Legislative Pipeline — Original Model Selection

The first evidence-based model selection before a 155-hour unattended production run on 11,673 Illinois bills. Ollama backend, single inference stream, three candidate models, five chunk sizes. This evaluation selected Mistral 7B at 500 tokens. The May 2026 vLLM re-evaluation later reversed that recommendation — read below for exactly why, and why the original call was correct given what was measurable at the time.

Original decision · March 2026
Mistral 7B · 500-token chunks · Ollama
Highest parse-OK in the 15-cell grid (54.9%). Most stable cross-configuration variance (±0.10). Zero EMPTY parses at 500 tokens. The correct call given the available measurement stack.
15
Grid cells
3 models × 5 chunk sizes
~15h
Sweep runtime
Unattended, single GPU
40
Chunks scored
Blind rubric review
54.9%
Winning parse-OK
Mistral @ 500 tokens
A production decision that needed evidence

The production run was estimated at 155 hours of unattended, sequential inference on a single GPU. A wrong model choice is not a quick re-run — it is a week of compute and a corpus of low-quality extractions.
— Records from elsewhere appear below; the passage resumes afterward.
text \<open>\<open>symb_vec c g u0 x\<close> is the vector \<open>V\<^sub>c(u)(x)\<close> with \<open>X(u)(x,\<xi>) = V\<^sub>c(u)(x) \<bullet> \<xi>\<close>, for
  \<open>g = \<nabla>u(x)\<close> and \<open>u0 = u(x)\<close> (see \<open>Xop_eq_symb_vec\<close>).\<close>

definition symb_vec :: "real \<Rightarrow> 'n::finite pt \<Rightarrow> real \<Rightarrow> 'n pt \<Rightarrow> 'n pt" where
  "symb_vec c g u0 x = - jrot g - (g \<bullet> e_t) *\<^sub>R hproj x + (hproj x \<bullet> g + c * u0) *\<^sub>R e_t"

definition symb_deriv ::
    "real \<Rightarrow> ('n::finite pt \<Rightarrow> 'n pt \<Rightarrow> real) \<Rightarrow> 'n pt \<Rightarrow> 'n pt \<Rightarrow> 'n pt \<Rightarrow> 'n pt \<Rightarrow> real" where
  "symb_deriv c B g x xi w = B (jrot xi) w - B e_t w * (hproj x \<bullet> xi) - (g \<bullet> e_t) * (hproj w \<bullet> xi)
     + (xi \<bullet> e_t) * (B (hproj x) w + g \<bullet> hproj w + c * (g \<bullet> w))"

lemma inner_symb_vec:
  "symb_vec c g u0 x \<bullet> xi = g \<bullet> jrot xi - (g \<bullet> e_t) * (hproj x \<bullet> xi) + (xi \<bullet> e_t) * (g \<bullet> hproj x + c * u0)"
  unfolding symb_vec_def
  by (simp add: inner_jrot_hproj_e_t inner_commute algebra_simps)

lemma Xop_eq_symb_vec:
  fixes u :: "'n::finite pt \<Rightarrow> real"
  assumes "u differentiable (at x)"
  shows "Xop lam u x xi = symb_vec (2 * (real CARD('n) + 1) * lam) (grad u x) (u x) x \<bullet> xi"
proof -
  have unit_vectors: "g \<bullet> (axis k 1, 0, 0) = fst g $ k" "g \<bullet> (0, axis k 1, 0) = fst (snd g) $ k"
    "g \<bullet> (0, 0, 1) = snd (snd g)" for g :: "'n pt" and k
    by (auto simp: inner_prod_def inner_axis)
  show ?thesis
    unfolding Xop_def inner_symb_vec dq_def dp_def dt_def Es_def Es_xi_def pd_eq_inner_grad[OF assms]
    by (simp add: unit_vectors inner_jrot_hproj_e_t inner_vec_def sum_subtractf sum.distrib
        sum_distrib_left algebra_simps)
qed

lemma has_derivative_symb_vec:
  fixes u :: "'n::finite pt \<Rightarrow> real"
  assumes u: "C2 u"
  shows "((\<lambda>z. symb_vec c (grad u z) (u z) z \<bullet> xi) has_derivative
     symb_deriv c (hess u y) (grad u y) y xi) (at y)"
proof -
  have du: "u differentiable (at y)" using u by (simp add: C1_imp_differentiable C2_imp_C1)
  show ?thesis
    unfolding inner_symb_vec
    by (rule has_derivative_eq_rhs,
        (rule derivative_eq_intros has_derivative_grad[OF u] has_derivative_pd[OF du]
          bounded_linear.has_derivative[OF bounded_linear_hproj] refl)+)
      (simp add: fun_eq_iff symb_deriv_def inner_sum_hess[OF u] pd_eq_inner_grad[OF du])
qed

lemma sum_Basis_bilinear_jrot:
  fixes B :: "'n::finite pt \<Rightarrow> 'n pt \<Rightarrow> real"
  assumes bil: "bilinear B" and sym: "\<And>a b. B a b = B b a"
  shows "(\<Sum>b\<in>Basis. B (jrot b) b) = 0"
proof -
  have expand: "B a w = (\<Sum>c\<in>Basis. (a \<bullet> c) * B c w)" for a w
    using bilinear_eq_sum_Basis[OF bil, of w a] sym by simp
  define S where "S = (\<Sum>b\<in>Basis. B (jrot b) b)"
  have "S = (\<Sum>b\<in>Basis. \<Sum>c\<in>Basis. (jrot b \<bullet> c) * B c b)"
    unfolding S_def by (rule sum.cong[OF refl], rule expand)
  also have "\<dots> = (\<Sum>b\<in>Basis. \<Sum>c\<in>Basis. - ((jrot c \<bullet> b) * B b c))"
    by (intro sum.cong refl) (metis inner_jrot_swap sym mult_minus_left)
  also have "\<dots> = - (\<Sum>c\<in>Basis. \<Sum>b\<in>Basis. (jrot c \<bullet> b) * B b c)"
    by (subst sum.swap) (simp add: sum_negf)
  also have "\<dots> = - S"
    unfolding S_def by (simp add: expand[of "jrot _"])
  finally show ?thesis unfolding S_def by simp
qed
(* Let $n,s,k$ be positive integers with $n\ge(s+1)k$. Suppose that for any cross-dependent families $\mathcal G_1,\ldots,\mathcal G_{s+1}\subset\binom{[n]}{k}$ we have $\min_i|\mathcal G_i|\le\binom{n}{k}-\binom{n-s}{k}$. Then for any cross-dependent families $\mathcal F_1,\ldots,\mathcal F_{s+1}\subset\binom{[n+1]}{k}$ we have $\min_i|\mathcal F_i|\le\binom{n+1}{k}-\binom{n+1-s}{k}$.
   Context: $[n]=\{1,\ldots,n\}$ and $\binom{X}{k}$ denotes the family of all $k$-element subsets of $X$. Families $\mathcal F_1,\ldots,\mathcal F_{s+1}$ are called cross-dependent if there are no pairwise disjoint sets $F_1,\ldots,F_{s+1}$ with $F_i\in\mathcal F_i$ for every $i$. *)

theory Defs
  imports Main
begin

definition cross_dependent :: "nat \<Rightarrow> (nat \<Rightarrow> 'a set set) \<Rightarrow> bool" where
  "cross_dependent s F \<longleftrightarrow>
     \<not> (\<exists>A :: nat \<Rightarrow> 'a set.
          (\<forall>i\<le>s. A i \<in> F i) \<and>
          (\<forall>i\<le>s. \<forall>j\<le>s. i \<noteq> j \<longrightarrow> A i \<inter> A j = {}))"

definition ksubsets :: "'a set \<Rightarrow> nat \<Rightarrow> 'a set set" where
  "ksubsets X k = {A. A \<subseteq> X \<and> card A = k}"

end

theory Submission
  imports Defs "HOL-Combinatorics.Transposition"
begin

text \<open>All families are shifted from the new point n+1 towards the old ones; shifting preserves
sizes, k-uniformity and cross-dependence. The members avoiding n+1 then form cross-dependent
families on [n], so by hypothesis one of them, the i-th, has at most C(n,k) - C(n-s,k) members.
Because the i-th family is shifted, the link of n+1 in it is disjoint from the shadow of the
k-subsets of [n] that it misses. There are at least C(n-s,k) of these, so by Lovasz's form of the
Kruskal-Katona theorem their shadow has at least C(n-s,k-1) members, and the link has at most
C(n,k-1) - C(n-s,k-1). Pascal's rule adds up the two bounds.\<close>

definition shift :: "'a \<Rightarrow> 'a \<Rightarrow> 'a set \<Rightarrow> 'a set" where
  "shift x y A = (if x \<in> A \<and> y \<notin> A then insert y (A - {x}) else A)"

definition shift_family :: "'a \<Rightarrow> 'a \<Rightarrow> 'a set set \<Rightarrow> 'a set set" where
  "shift_family x y F = {A \<in> F. shift x y A \<in> F} \<union> shift x y ` {A \<in> F. shift x y A \<notin> F}"

definition shifted :: "'a \<Rightarrow> 'a \<Rightarrow> 'a set set \<Rightarrow> bool" where
  "shifted x y F \<longleftrightarrow> (\<forall>A\<in>F. shift x y A \<in> F)"

definition shadow :: "'a set set \<Rightarrow> 'a set set" where
  "shadow F = {A - {x} | A x. A \<in> F \<and> x \<in> A}"

definition link :: "'a \<Rightarrow> 'a set set \<Rightarrow> 'a set set" where
  "link x F = (\<lambda>A. A - {x}) ` {A \<in> F. x \<in> A}"

lemma shift_eq_transpose_image: "y \<notin> A \<Longrightarrow> shift x y A = transpose x y ` A"
  by (auto simp: shift_def transpose_def)

lemma moved_if_shift_notin: "A \<in> F \<Longrightarrow> shift x y A \<notin> F \<Longrightarrow> x \<in> A \<and> y \<notin> A"
  by (auto simp: shift_def split: if_splits)

lemma shifted_insert_Diff_mem:
  "shifted x y F \<Longrightarrow> A \<in> F \<Longrightarrow> x \<in> A \<Longrightarrow> y \<notin> A \<Longrightarrow> insert y (A - {x}) \<in> F"
  unfolding shifted_def shift_def by (metis (no_types, lifting))

lemma transpose_image_involutory [simp]: "transpose x y ` transpose x y ` A = A"
  by (simp add: image_comp)

lemma mem_shift_image_moved_iff:
  "B \<in> shift x y ` {A \<in> F. shift x y A \<notin> F} \<longleftrightarrow>
     y \<in> B \<and> x \<notin> B \<and> B \<notin> F \<and> transpose x y ` B \<in> F" (is "?lhs \<longleftrightarrow> ?rhs")
proof
  assume ?lhs
  then obtain A where A: "A \<in> F" "shift x y A \<notin> F" "B = shift x y A"
    by blast
  then have "x \<in> A" "y \<notin> A"
    using moved_if_shift_notin by fast+
  then have moved: "shift x y A = transpose x y ` A"
    by (simp add: shift_eq_transpose_image)
  from A \<open>x \<in> A\<close> \<open>y \<notin> A\<close> show ?rhs
    unfolding A(3) moved by (auto simp: in_transpose_image_iff)
next
  assume ?rhs
  then have "shift x y (transpose x y ` B) = B"
    by (simp add: shift_eq_transpose_image in_transpose_image_iff)
  with \<open>?rhs\<close> show ?lhs
    by (metis (mono_tags, lifting) image_eqI mem_Collect_eq)
qed

lemma mem_shift_family_iff:
  "B \<in> shift_family x y F \<longleftrightarrow>
     (if x \<in> B \<and> y \<notin> B then B \<in> F \<and> transpose x y ` B \<in> F
      else if y \<in> B \<and> x \<notin> B then B \<in> F \<or> transpose x y ` B \<in> F
      else B \<in> F)"
proof -
  have "B \<in> F \<and> shift x y B \<in> F \<longleftrightarrow> B \<in> F \<and> (x \<in> B \<and> y \<notin> B \<longrightarrow> transpose x y ` B \<in> F)"
    by (auto simp: shift_def shift_eq_transpose_image[symmetric])
  then show ?thesis
    unfolding shift_family_def Un_iff mem_shift_image_moved_iff by auto
qed

lemma mem_shift_family_imp_mem: "B \<in> shift_family x y F \<Longrightarrow> x \<in> B \<or> y \<notin> B \<Longrightarrow> B \<in> F"
  by (auto simp: mem_shift_family_iff split: if_splits)

lemma transpose_image_mem_of_mem_shift_family:
  "B \<in> shift_family x y F \<Longrightarrow> y \<notin> B \<or> B \<notin> F \<Longrightarrow> transpose x y ` B \<in> F"
  by (auto simp: mem_shift_family_iff split: if_splits)

lemma finite_shift_family: "finite F \<Longrightarrow> finite (shift_family x y F)"
  by (simp add: shift_family_def)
The decision had to be made on evidence, not on a smoke test.

Three candidate models were evaluated across five chunk sizes (500–2,800 tokens): Mistral 7B Instruct v0.3, Qwen 2.5 7B, and Llama 3.2 3B.

◆ The Llama comparison note

This evaluation used Llama 3.2 3B — a 3-billion parameter model — against 7B-class models. The May 2026 re-evaluation upgraded to Llama 3.1 8B for parameter parity. That upgrade, combined with the vLLM migration, changed Llama's ranking from last to first by 20+ percentage points. The original evaluation was not wrong — it was limited by the comparison set available at the time.

System under test

Hardware: Single NVIDIA L4, 23 GB VRAM. One GPU, one inference process — no horizontal scale-out.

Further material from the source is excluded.